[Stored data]

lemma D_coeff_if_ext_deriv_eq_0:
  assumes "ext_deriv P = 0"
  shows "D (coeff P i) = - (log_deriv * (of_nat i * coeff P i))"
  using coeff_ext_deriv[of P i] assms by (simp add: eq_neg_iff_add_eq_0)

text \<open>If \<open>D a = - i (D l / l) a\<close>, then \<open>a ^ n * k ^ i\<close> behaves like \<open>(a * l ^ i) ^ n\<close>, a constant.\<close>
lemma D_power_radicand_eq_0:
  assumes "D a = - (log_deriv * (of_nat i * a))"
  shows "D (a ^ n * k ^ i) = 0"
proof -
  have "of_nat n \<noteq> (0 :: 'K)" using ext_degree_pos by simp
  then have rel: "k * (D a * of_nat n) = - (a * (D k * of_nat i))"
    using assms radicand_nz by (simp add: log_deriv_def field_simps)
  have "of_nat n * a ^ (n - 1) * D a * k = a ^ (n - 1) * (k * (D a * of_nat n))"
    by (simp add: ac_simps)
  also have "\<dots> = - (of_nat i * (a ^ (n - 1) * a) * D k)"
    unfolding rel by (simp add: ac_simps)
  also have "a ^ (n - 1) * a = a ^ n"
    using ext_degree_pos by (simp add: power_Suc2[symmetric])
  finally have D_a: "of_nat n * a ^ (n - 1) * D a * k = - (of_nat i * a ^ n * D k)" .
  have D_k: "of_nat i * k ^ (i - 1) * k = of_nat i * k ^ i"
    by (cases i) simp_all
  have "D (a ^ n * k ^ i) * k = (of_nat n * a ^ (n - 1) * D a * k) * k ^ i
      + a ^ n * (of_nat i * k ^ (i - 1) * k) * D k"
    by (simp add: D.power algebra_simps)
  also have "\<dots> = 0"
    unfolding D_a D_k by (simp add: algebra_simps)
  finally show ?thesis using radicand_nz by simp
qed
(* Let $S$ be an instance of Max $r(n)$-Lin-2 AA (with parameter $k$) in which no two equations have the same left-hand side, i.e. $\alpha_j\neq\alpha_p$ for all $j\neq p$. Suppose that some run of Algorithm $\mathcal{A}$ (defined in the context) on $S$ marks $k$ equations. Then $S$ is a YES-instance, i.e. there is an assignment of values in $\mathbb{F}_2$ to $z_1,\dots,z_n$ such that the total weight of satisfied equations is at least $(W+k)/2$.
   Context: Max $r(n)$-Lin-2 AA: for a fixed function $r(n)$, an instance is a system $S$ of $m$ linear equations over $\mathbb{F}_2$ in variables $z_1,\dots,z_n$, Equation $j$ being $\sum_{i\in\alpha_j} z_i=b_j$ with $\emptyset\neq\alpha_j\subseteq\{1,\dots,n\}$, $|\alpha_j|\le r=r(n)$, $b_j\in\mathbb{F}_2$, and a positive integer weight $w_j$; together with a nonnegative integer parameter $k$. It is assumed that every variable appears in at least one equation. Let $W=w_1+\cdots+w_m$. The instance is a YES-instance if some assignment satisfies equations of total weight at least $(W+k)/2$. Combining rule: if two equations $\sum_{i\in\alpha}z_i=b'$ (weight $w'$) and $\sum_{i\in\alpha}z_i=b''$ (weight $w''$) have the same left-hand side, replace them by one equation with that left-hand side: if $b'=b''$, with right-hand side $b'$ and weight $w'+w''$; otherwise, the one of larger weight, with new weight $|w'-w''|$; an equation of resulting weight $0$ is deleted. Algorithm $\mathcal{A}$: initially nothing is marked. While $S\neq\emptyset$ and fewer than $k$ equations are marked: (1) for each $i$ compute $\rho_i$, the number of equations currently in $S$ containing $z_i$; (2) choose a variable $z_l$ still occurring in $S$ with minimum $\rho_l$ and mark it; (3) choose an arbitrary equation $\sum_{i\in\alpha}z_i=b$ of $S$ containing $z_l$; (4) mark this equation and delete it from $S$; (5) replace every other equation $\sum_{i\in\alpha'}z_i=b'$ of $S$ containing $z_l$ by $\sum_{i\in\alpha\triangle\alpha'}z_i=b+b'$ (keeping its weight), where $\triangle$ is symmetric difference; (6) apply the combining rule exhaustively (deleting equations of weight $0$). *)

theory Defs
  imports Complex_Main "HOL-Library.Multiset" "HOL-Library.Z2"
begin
==
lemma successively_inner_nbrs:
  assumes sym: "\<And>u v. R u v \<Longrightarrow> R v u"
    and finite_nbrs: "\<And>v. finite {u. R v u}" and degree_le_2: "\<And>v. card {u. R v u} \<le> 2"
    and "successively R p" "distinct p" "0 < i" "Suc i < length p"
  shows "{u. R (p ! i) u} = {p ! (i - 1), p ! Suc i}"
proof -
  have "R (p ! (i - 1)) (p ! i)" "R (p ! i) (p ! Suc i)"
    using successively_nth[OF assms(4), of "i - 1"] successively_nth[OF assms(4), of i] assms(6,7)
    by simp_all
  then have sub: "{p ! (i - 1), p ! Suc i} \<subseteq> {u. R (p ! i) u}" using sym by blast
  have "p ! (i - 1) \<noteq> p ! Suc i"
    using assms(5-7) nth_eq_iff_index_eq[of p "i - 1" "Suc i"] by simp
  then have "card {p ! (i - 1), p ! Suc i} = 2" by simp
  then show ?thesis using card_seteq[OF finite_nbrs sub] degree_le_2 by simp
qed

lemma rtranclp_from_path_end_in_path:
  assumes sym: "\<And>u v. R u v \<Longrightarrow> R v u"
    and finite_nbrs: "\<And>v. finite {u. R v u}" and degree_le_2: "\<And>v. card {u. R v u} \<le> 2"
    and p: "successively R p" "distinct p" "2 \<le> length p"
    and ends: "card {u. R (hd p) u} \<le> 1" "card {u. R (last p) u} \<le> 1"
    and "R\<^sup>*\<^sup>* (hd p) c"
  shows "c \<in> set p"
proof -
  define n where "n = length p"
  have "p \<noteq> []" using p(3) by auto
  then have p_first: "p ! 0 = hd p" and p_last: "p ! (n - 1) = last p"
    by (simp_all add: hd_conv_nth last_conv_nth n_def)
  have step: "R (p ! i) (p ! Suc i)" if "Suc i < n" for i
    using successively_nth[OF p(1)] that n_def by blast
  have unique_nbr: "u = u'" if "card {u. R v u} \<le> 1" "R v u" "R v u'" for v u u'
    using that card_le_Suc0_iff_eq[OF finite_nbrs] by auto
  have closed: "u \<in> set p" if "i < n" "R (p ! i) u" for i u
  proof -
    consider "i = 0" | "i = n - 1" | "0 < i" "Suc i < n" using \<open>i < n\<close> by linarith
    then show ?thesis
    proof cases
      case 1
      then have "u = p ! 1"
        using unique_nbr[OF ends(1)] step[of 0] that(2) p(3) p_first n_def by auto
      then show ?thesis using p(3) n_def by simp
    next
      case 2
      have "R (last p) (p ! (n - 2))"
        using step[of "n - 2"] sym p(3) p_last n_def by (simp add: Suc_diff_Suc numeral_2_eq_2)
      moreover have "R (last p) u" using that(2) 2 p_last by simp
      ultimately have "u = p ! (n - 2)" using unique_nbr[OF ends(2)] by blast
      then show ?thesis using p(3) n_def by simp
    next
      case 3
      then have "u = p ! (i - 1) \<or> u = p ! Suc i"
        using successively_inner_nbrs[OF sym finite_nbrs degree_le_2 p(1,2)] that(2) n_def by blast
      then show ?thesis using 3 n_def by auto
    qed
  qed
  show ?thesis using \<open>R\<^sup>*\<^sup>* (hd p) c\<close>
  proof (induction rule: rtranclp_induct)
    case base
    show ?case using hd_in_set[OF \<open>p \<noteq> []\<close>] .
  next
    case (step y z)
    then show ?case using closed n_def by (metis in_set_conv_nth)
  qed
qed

* [WHAT TO PRODUCE] Reproduce every line of the records containing the string "closed".

* [PROBLEM SOLUTION]
  have closed: "u \<in> set p" if "i < n" "R (p ! i) u" for i u
    then show ?case using closed n_def by (metis in_set_conv_nth)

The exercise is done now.